Это стало даже ее немного забавлять. Спектакль был поставлен и сыгран без исполнителя главной роли, но публика явилась, некоторые даже издалека. Он уже однажды сделал нечто похожее: наприглашал к себе кучу народа – отборные вина, отличная кухня, а для любителей – огромная серебряная чаша с кокаином, которую он поставил в туалетной комнате рядом с простой пудрой, – а сам под каким-то предлогом так и не появился.
«Это ему стало в копеечку», – как говорил Шарль, а сам даже на все это представление и не взглянул. Очевидно, что на этот раз это не была полностью его затея, но он обожал подобные развлечения, такие мрачноватые шутки. Ну что ж, можно и повторить. На этот раз он тоже не пришел. Как бы там ни было, ему нравилось делать из своей собственной жизни и жизни других сценические действа. Он душу мог продать за любую мелочь, которая выделялась из хаоса и преснятины обычного течения жизни, все мог отдать, чтобы эту мелочь спасти.
Сама того не желая, она вспомнила фразу, вполне подходившую к обстоятельствам: «Он должен обхохотаться, смотря на нас оттуда, где он сейчас!» Тем не менее она никак не могла понять, почему «вдовы одного дня» так поторопились с церемонией, на которой не хватало главного героя. Просто сделано, что сделано, и чем быстрее, тем лучше? В некотором смысле без него, кого даже собственная мать считала грязью, было чище. Мало того, что как только попадал в эту церковь, становилось ясно, что душа его здесь отсутствует, так еще и тела не было – лучше и не придумаешь: большая ледяная месса среди горящих погребальных свечей. Они его сделали!

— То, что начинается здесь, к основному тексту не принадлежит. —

(* Let $n\ge 1$ and let $P$ be the $n\times n$ permutation matrix of a permutation $\sigma\in S_n$. Then $P$ is the leaf matrix of at least one CNM of size $n$ if and only if $\sigma$ is irreducible.
   Context: A complete non-ambiguous matrix (CNM) of size $n$ is an $n\times n$ matrix $M=(m_{i,j})$ with entries in $\{0,1\}$ whose support $T=\{(i,j): m_{i,j}=1\}$ (whose elements are called vertices) satisfies: (1) $(1,1)\in T$; (2) for every $p=(i,j)\in T$ with $p\neq(1,1)$, exactly one of the following holds: there is $(i',j)\in T$ with $i'<i$, or there is $(i,j')\in T$ with $j'<j$; (3) every row and every column of $M$ contains at least one vertex; (4) define the parent of $p=(i,j)\neq(1,1)$ to be $(i',j)$ with $i'<i$ maximal if such a vertex exists, and otherwise $(i,j')$ with $j'<j$ maximal; then every vertex is the parent of either zero or exactly two vertices. A vertex with no children is a leaf. The leaf matrix $p(M)$ is obtained from $M$ by replacing all non-leaf vertices by $0$ (it is a permutation matrix). A permutation $\sigma\in S_n$ is irreducible if there is no $j$ with $1\le j<n$ such that $\sigma(\{1,\dots,j\})=\{1,\dots,j\}$; the permutation matrix of $\sigma$ has its $1$'s at positions $(i,\sigma(i))$. *)

theory Defs
  imports "HOL-Combinatorics.Permutations"
begin

text \<open>Matrices of size n are functions nat => nat => nat, indices in {1..n};
  entries outside {1..n} x {1..n} are required to be 0.\<close>

definition support :: "(nat \<Rightarrow> nat \<Rightarrow> nat) \<Rightarrow> (nat \<times> nat) set" where
  "support M = {(i, j). M i j = 1}"

definition cnm_parent :: "(nat \<times> nat) set \<Rightarrow> nat \<times> nat \<Rightarrow> nat \<times> nat" where
  "cnm_parent T p = (case p of (i, j) \<Rightarrow>
     if \<exists>i'<i. (i', j) \<in> T then (Max {i'. i' < i \<and> (i', j) \<in> T}, j)
     else (i, Max {j'. j' < j \<and> (i, j') \<in> T}))"

definition cnm_children :: "(nat \<times> nat) set \<Rightarrow> nat \<times> nat \<Rightarrow> (nat \<times> nat) set" where
  "cnm_children T p = {q \<in> T. q \<noteq> (1, 1) \<and> cnm_parent T q = p}"

definition is_cnm :: "nat \<Rightarrow> (nat \<Rightarrow> nat \<Rightarrow> nat) \<Rightarrow> bool" where
  "is_cnm n M \<longleftrightarrow>
     (\<forall>i j. M i j \<in> {0, 1}) \<and>
     (\<forall>i j. M i j \<noteq> 0 \<longrightarrow> i \<in> {1..n} \<and> j \<in> {1..n}) \<and>
     (1, 1) \<in> support M \<and>
     (\<forall>(i, j) \<in> support M. (i, j) \<noteq> (1, 1) \<longrightarrow>
        ((\<exists>i'<i. (i', j) \<in> support M) \<noteq> (\<exists>j'<j. (i, j') \<in> support M))) \<and>
     (\<forall>i\<in>{1..n}. \<exists>j. (i, j) \<in> support M) \<and>
     (\<forall>j\<in>{1..n}. \<exists>i. (i, j) \<in> support M) \<and>
     (\<forall>p \<in> support M. card (cnm_children (support M) p) \<in> {0, 2})"

definition leaf_matrix :: "(nat \<Rightarrow> nat \<Rightarrow> nat) \<Rightarrow> (nat \<Rightarrow> nat \<Rightarrow> nat)" where
  "leaf_matrix M = (\<lambda>i j. if (i, j) \<in> support M \<and> cnm_children (support M) (i, j) = {}
                          then 1 else 0)"
lemma ancient_solution_near_boundary:
  assumes "ancient_solution p k u" "0 < \<epsilon>" "b < 0" "z k = 0" "0 \<le> \<rho> k"
  shows "\<exists>\<eta>>0. \<forall>(x, t)\<in>para_box k z \<rho> a b. x $ k < \<eta> \<longrightarrow> - \<epsilon> < u x t"
proof -
  let ?P = "para_box k z \<rho> a b"
  have "continuous_on ?P (\<lambda>(x, t). u x t)"
    using assms unfolding ancient_solution_def
    by (meson continuous_on_subset para_box_subset_closure_QQ less_imp_le)
  then have "uniformly_continuous_on ?P (\<lambda>(x, t). u x t)"
    by (intro compact_uniformly_continuous compact_para_box)
  then obtain \<eta> where "0 < \<eta>"
    and \<eta>: "\<And>y y'. y \<in> ?P \<Longrightarrow> y' \<in> ?P \<Longrightarrow> dist y' y < \<eta> \<Longrightarrow>
      dist ((\<lambda>(x, t). u x t) y') ((\<lambda>(x, t). u x t) y) < \<epsilon>"
    using \<open>0 < \<epsilon>\<close> unfolding uniformly_continuous_on_def by metis
  have "- \<epsilon> < u x t" if xt: "(x, t) \<in> ?P" and "x $ k < \<eta>" for x t
  proof -
    define x' where "x' = x - (x $ k) *\<^sub>R axis k 1"
    have x': "x' $ j = (if j = k then 0 else x $ j)" for j unfolding x'_def by (simp add: axis_def)
    have "(x', t) \<in> ?P" using xt assms(4,5) unfolding para_box_def by (auto simp: x')
    moreover have "dist (x', t) (x, t) < \<eta>"
      using xt \<open>x $ k < \<eta>\<close> unfolding x'_def para_box_def by (simp add: dist_Pair_Pair dist_norm)
    ultimately have "\<bar>u x' t - u x t\<bar> < \<epsilon>" using \<eta> [OF xt] by (fastforce simp: dist_real_def)
    moreover have "u x' t = 0"
      using assms(1,3) xt unfolding ancient_solution_def para_box_def by (auto simp: x')
    ultimately show ?thesis by simp
  qed
  with \<open>0 < \<eta>\<close> show ?thesis by blast
qed
(* Let $n \ge 2$, $b \in \{1,\ldots,n\}$, and let $\alpha_1,\ldots,\alpha_n$ be real numbers with $0 \le \alpha_i \le \alpha_j$ for $1 \le i \le j \le b$ and $\alpha_i = \alpha_j \le 0$ for all $i,j > b$. Consider the problem of minimizing $f(x)=x_1^{\alpha_1}\cdots x_n^{\alpha_n}$ over $\mathcal{X}^n$. Then: (a) there exists a minimizer belonging to $\mathcal{Y}^n$; (b) if $\alpha_i \ne 0$ for all $i$, then every minimizer belongs to $\mathcal{Y}^n$; (c) if $b = n-1$, $\alpha_i > 0$ for all $i \ne n$ and $\alpha_n = 0$, then every minimizer belongs to $\mathcal{Y}^n$.
   Context: The Sylvester sequence: $s_1 = 2$, $s_i = \prod_{j=1}^{i-1} s_j + 1$ for $i\ge2$. $\mathcal{X}^n$ is the set of $x\in\mathbb{R}^n$ with $x_1+\cdots+x_n = 1$, $1 \ge x_1 \ge \cdots \ge x_n \ge 0$, and $x_1\cdots x_j \le x_{j+1}+\cdots+x_n$ for all $j\in\{1,\ldots,n-1\}$ (all coordinates of elements of $\mathcal{X}^n$ are positive, so $f$ is well defined). For $l\in\{1,\ldots,n\}$, $\bar x(l) := \big(\frac{1}{s_1},\ldots,\frac{1}{s_{l-1}}, \frac{1}{(n-l+1)(s_l-1)},\ldots,\frac{1}{(n-l+1)(s_l-1)}\big)\in\mathbb{R}^n$ (the last value repeated $n-l+1$ times), and $\mathcal{Y}^n := \{\bar x(l) : l = 1,\ldots,n\} \subseteq \mathcal{X}^n$. *)

theory Defs
  imports Complex_Main
begin

text \<open>Sylvester sequence, indexed from 1: s 1 = 2, s i = (prod_{j=1}^{i-1} s j) + 1.
  (The value at index 0 is irrelevant.)\<close>
function sylv :: "nat \<Rightarrow> nat" where
  "sylv i = (if i \<le> 1 then 2 else (\<Prod>j\<in>{1..<i}. sylv j) + 1)"
  by auto
termination by (relation "measure id") auto

text \<open>Vectors in R^n are functions nat => real, coordinates 1..n.\<close>
definition Xset :: "nat \<Rightarrow> (nat \<Rightarrow> real) set" where
  "Xset n = {x. (\<Sum>i=1..n. x i) = 1 \<and> x 1 \<le> 1
     \<and> (\<forall>i\<in>{1..<n}. x (i+1) \<le> x i) \<and> 0 \<le> x n
     \<and> (\<forall>j\<in>{1..<n}. (\<Prod>i=1..j. x i) \<le> (\<Sum>i=j+1..n. x i))}"

definition xbar :: "nat \<Rightarrow> nat \<Rightarrow> nat \<Rightarrow> real" where
  "xbar n l i = (if i < l then 1 / real (sylv i)
                 else 1 / (real (n - l + 1) * (real (sylv l) - 1)))"

definition inY :: "nat \<Rightarrow> (nat \<Rightarrow> real) \<Rightarrow> bool" where
  "inY n x = (\<exists>l\<in>{1..n}. \<forall>i\<in>{1..n}. x i = xbar n l i)"

definition fobj :: "nat \<Rightarrow> (nat \<Rightarrow> real) \<Rightarrow> (nat \<Rightarrow> real) \<Rightarrow> real" where
  "fobj n \<alpha> x = (\<Prod>i=1..n. x i powr \<alpha> i)"

definition is_minimizer :: "nat \<Rightarrow> (nat \<Rightarrow> real) \<Rightarrow> (nat \<Rightarrow> real) \<Rightarrow> bool" where
  "is_minimizer n \<alpha> x = (x \<in> Xset n \<and> (\<forall>y\<in>Xset n. fobj n \<alpha> x \<le> fobj n \<alpha> y))"

end

theory Submission
  imports Defs
begin

(*
  Write f = exp (log_fobj n alpha) with log_fobj n alpha x = sum_i alpha_i ln x_i.  Two facts
  drive the proof.  First, the suffix sums of every x in X^n dominate those of the Sylvester point:
  x_t + ... + x_n >= 1/(s_t - 1).  Otherwise the head (x_1, ..., x_(t-1)) would majorize
  (1/s_1, ..., 1/s_(t-1)) and so have product at least 1/(s_t - 1), contradicting
  x_1 ... x_(t-1) <= x_t + ... + x_n.  Second, if a decreasing x dominates y in suffix sums, then
  sum alpha_i ln y_i <= sum alpha_i ln x_i for increasing nonnegative alpha: apply Abel summation
  with the increasing weights alpha_i / x_i to the tangent-line bound for ln.

  Given x in X^n, replace its coordinates beyond b by their mean c (AM-GM handles the common
  nonpositive exponent there) and choose l such that c lies between the tail values of
  xbar(l+1) and xbar(l).  The point y on the segment from xbar(l) to xbar(l+1) with tail value c
  is dominated by x in the above sense, so f(y) <= f(x).  Along that segment ln f is concave or
  monotone, hence minimal at xbar(l) or xbar(l+1).  The strict forms of these inequalities give
  uniqueness in (b) and (c).
*)

section \<open>Sylvester numbers\<close>

declare sylv.simps [simp del]

lemma sylv_ge_2: "2 \<le> sylv i"
proof (induction i rule: less_induct)
  case (less i)
  show ?case
  proof (cases "i \<le> 1")
    case True
    then show ?thesis by (subst sylv.simps) simp
  next
    case False
    have "1 \<le> (\<Prod>j\<in>{1..<i}. sylv j)"
      by (rule prod_ge_1) (use less in force)
    with False show ?thesis by (subst sylv.simps) simp
  qed
qed

lemma sylv_pos: "0 < sylv i"
  using sylv_ge_2[of i] by simp

lemma sylv_1: "sylv (Suc 0) = 2"
  using sylv.simps[of 1] by simp

lemma sylv_Suc: "1 \<le> i \<Longrightarrow> sylv (Suc i) = sylv i * (sylv i - 1) + 1"
proof (induction i)
  case (Suc i)
  have "sylv (Suc (Suc i)) = (\<Prod>j\<in>{1..<Suc i}. sylv j) * sylv (Suc i) + 1"
    by (subst sylv.simps) (simp add: prod.atLeastLessThan_Suc)
  moreover have "(\<Prod>j\<in>{1..<Suc i}. sylv j) = sylv (Suc i) - 1"
    by (subst (2) sylv.simps) (cases i; simp)
  ultimately show ?case by (simp add: mult.commute)
qed simp

lemma sylv_Suc_real: "1 \<le> i \<Longrightarrow> real (sylv (Suc i)) - 1 = real (sylv i) * (real (sylv i) - 1)"
  using sylv_Suc[of i] sylv_ge_2[of i] by simp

Так было лучше со всех точек зрения. Ждать, откладывать церемонию, это могло бы вызвать вопросы, привлечь внимание – с каждым днем тело мешало бы все больше. Стоило поторопиться. Да и кто может сказать, что именно произошло в последнюю ночь? Кто с ним был? Кому принадлежал этот странный голос, который ответил Ингрид: «Алло! Это Вольфи, а Райнера нет», когда она – чистейшая интуиция – звонила в час тридцать из Парижа? У Райнера в комнате рядом в это время должна была быть агония, в два, два тридцать он был уже мертв. От чего? И кто поставлял ему, будучи в курсе дела, эти поддельные наркотики, в которых, как скажет ей впоследствии Дэзи, было все что угодно, вплоть до крысиного яда? И кто позволял все это делать, не следил за человеком, находящимся в смертельной опасности?
Ингрид считала, что великие люди с финансовой точки зрения интереснее мертвые. Почему еще до приезда полиции кто-то, как ей стало известно, вынес из комнаты массу вещей, и деньги тоже? Может быть, его рабы, освободившись от чар, решили взять реванш? Им, бесспорно, надоел этот ярмарочный петрушечник, этот сардонический укротитель: «Дамы и господа! Вот она, Германия, и вот ее чудовища! Вот он, мир!» Его чары были исчерпаны, лавочка закрывалась, они наверняка вышли из повиновения, их уносил водоворот губительного наслаждения стать свидетелями того, как этот феодал, ими владевший, летит в пропасть, этот анахронизм исчерпывает себя. Он, наверное, и сам это понимал и, преисполненный отвращения ко всему, решил ничего не делать: он уже давно не питал никаких иллюзий и с каждым днем терял даже их остатки. Доктор К., с которым Ингрид оставалась в хороших отношениях, спросил ее по телефону, когда узнал о смерти Райнера: «Ты уверена, что ему не помогли… немного… немного больше, чем немного?»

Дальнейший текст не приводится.